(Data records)

· · · ·

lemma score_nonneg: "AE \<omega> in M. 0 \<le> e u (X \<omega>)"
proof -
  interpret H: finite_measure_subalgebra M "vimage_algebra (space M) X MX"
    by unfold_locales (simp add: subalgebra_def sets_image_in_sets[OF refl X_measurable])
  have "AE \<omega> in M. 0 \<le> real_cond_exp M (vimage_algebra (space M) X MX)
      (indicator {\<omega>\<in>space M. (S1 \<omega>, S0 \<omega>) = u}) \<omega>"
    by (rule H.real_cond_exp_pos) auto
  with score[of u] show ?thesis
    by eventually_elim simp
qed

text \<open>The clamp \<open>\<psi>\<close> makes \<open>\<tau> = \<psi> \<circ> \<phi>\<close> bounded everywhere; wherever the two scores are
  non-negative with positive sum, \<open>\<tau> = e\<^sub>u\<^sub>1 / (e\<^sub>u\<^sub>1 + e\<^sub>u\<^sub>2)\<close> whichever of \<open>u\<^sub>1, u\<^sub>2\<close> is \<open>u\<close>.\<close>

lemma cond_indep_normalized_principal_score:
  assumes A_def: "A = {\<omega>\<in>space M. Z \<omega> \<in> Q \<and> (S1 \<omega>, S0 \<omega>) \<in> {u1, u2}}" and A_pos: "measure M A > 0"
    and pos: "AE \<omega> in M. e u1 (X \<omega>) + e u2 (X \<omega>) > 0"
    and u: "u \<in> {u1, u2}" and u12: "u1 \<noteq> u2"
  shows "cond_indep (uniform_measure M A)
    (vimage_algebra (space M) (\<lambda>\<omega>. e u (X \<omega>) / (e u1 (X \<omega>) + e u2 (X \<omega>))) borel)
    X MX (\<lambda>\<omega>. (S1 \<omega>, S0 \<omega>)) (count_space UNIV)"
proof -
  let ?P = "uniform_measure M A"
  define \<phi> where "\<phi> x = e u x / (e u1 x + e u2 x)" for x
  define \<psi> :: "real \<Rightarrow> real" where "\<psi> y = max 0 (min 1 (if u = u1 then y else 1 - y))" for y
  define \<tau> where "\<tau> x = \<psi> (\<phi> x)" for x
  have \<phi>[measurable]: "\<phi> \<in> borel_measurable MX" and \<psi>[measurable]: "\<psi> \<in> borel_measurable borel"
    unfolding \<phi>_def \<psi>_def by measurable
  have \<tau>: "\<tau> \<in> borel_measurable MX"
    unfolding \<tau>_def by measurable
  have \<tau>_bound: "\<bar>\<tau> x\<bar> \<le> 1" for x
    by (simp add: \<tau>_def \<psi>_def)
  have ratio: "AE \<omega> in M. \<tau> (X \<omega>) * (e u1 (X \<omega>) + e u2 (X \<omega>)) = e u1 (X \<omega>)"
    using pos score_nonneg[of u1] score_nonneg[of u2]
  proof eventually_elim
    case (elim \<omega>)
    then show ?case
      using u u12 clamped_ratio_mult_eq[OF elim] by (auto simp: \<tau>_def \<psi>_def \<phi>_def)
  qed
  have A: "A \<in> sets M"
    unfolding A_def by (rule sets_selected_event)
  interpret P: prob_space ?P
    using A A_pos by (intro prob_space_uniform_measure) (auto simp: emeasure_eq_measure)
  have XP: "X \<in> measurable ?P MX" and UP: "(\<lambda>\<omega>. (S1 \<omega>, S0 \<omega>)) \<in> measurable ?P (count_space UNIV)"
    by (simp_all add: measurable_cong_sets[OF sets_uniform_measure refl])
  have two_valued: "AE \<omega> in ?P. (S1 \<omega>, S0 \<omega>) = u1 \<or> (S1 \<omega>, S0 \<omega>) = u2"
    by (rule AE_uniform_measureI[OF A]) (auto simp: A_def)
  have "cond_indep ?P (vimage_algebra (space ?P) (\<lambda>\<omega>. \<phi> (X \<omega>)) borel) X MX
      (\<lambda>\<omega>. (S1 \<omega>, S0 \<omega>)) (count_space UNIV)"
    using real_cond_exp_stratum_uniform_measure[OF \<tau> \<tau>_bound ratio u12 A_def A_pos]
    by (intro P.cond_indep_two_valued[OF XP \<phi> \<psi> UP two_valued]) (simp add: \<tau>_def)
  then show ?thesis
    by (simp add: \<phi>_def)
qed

· · · ·

__What is required__: Output every record above, exactly as written.

__Solution for this exercise__:
lemma score_nonneg: "AE \<omega> in M. 0 \<le> e u (X \<omega>)"
proof -
  interpret H: finite_measure_subalgebra M "vimage_algebra (space M) X MX"
    by unfold_locales (simp add: subalgebra_def sets_image_in_sets[OF refl X_measurable])
  have "AE \<omega> in M. 0 \<le> real_cond_exp M (vimage_algebra (space M) X MX)
      (indicator {\<omega>\<in>space M. (S1 \<omega>, S0 \<omega>) = u}) \<omega>"
    by (rule H.real_cond_exp_pos) auto
  with score[of u] show ?thesis
    by eventually_elim simp
qed

text \<open>The clamp \<open>\<psi>\<close> makes \<open>\<tau> = \<psi> \<circ> \<phi>\<close> bounded everywhere; wherever the two scores are
  non-negative with positive sum, \<open>\<tau> = e\<^sub>u\<^sub>1 / (e\<^sub>u\<^sub>1 + e\<^sub>u\<^sub>2)\<close> whichever of \<open>u\<^sub>1, u\<^sub>2\<close> is \<open>u\<close>.\<close>

lemma cond_indep_normalized_principal_score:
  assumes A_def: "A = {\<omega>\<in>space M. Z \<omega> \<in> Q \<and> (S1 \<omega>, S0 \<omega>) \<in> {u1, u2}}" and A_pos: "measure M A > 0"
    and pos: "AE \<omega> in M. e u1 (X \<omega>) + e u2 (X \<omega>) > 0"
    and u: "u \<in> {u1, u2}" and u12: "u1 \<noteq> u2"
  shows "cond_indep (uniform_measure M A)
    (vimage_algebra (space M) (\<lambda>\<omega>. e u (X \<omega>) / (e u1 (X \<omega>) + e u2 (X \<omega>))) borel)
    X MX (\<lambda>\<omega>. (S1 \<omega>, S0 \<omega>)) (count_space UNIV)"
proof -
  let ?P = "uniform_measure M A"
  define \<phi> where "\<phi> x = e u x / (e u1 x + e u2 x)" for x
  define \<psi> :: "real \<Rightarrow> real" where "\<psi> y = max 0 (min 1 (if u = u1 then y else 1 - y))" for y
  define \<tau> where "\<tau> x = \<psi> (\<phi> x)" for x
  have \<phi>[measurable]: "\<phi> \<in> borel_measurable MX" and \<psi>[measurable]: "\<psi> \<in> borel_measurable borel"
    unfolding \<phi>_def \<psi>_def by measurable
  have \<tau>: "\<tau> \<in> borel_measurable MX"
    unfolding \<tau>_def by measurable
  have \<tau>_bound: "\<bar>\<tau> x\<bar> \<le> 1" for x
    by (simp add: \<tau>_def \<psi>_def)
  have ratio: "AE \<omega> in M. \<tau> (X \<omega>) * (e u1 (X \<omega>) + e u2 (X \<omega>)) = e u1 (X \<omega>)"
    using pos score_nonneg[of u1] score_nonneg[of u2]
  proof eventually_elim
    case (elim \<omega>)
    then show ?case
      using u u12 clamped_ratio_mult_eq[OF elim] by (auto simp: \<tau>_def \<psi>_def \<phi>_def)
  qed
  have A: "A \<in> sets M"
    unfolding A_def by (rule sets_selected_event)
  interpret P: prob_space ?P
    using A A_pos by (intro prob_space_uniform_measure) (auto simp: emeasure_eq_measure)
  have XP: "X \<in> measurable ?P MX" and UP: "(\<lambda>\<omega>. (S1 \<omega>, S0 \<omega>)) \<in> measurable ?P (count_space UNIV)"
    by (simp_all add: measurable_cong_sets[OF sets_uniform_measure refl])
  have two_valued: "AE \<omega> in ?P. (S1 \<omega>, S0 \<omega>) = u1 \<or> (S1 \<omega>, S0 \<omega>) = u2"
    by (rule AE_uniform_measureI[OF A]) (auto simp: A_def)
  have "cond_indep ?P (vimage_algebra (space ?P) (\<lambda>\<omega>. \<phi> (X \<omega>)) borel) X MX
      (\<lambda>\<omega>. (S1 \<omega>, S0 \<omega>)) (count_space UNIV)"
    using real_cond_exp_stratum_uniform_measure[OF \<tau> \<tau>_bound ratio u12 A_def A_pos]
    by (intro P.cond_indep_two_valued[OF XP \<phi> \<psi> UP two_valued]) (simp add: \<tau>_def)
  then show ?thesis
    by (simp add: \<phi>_def)
qed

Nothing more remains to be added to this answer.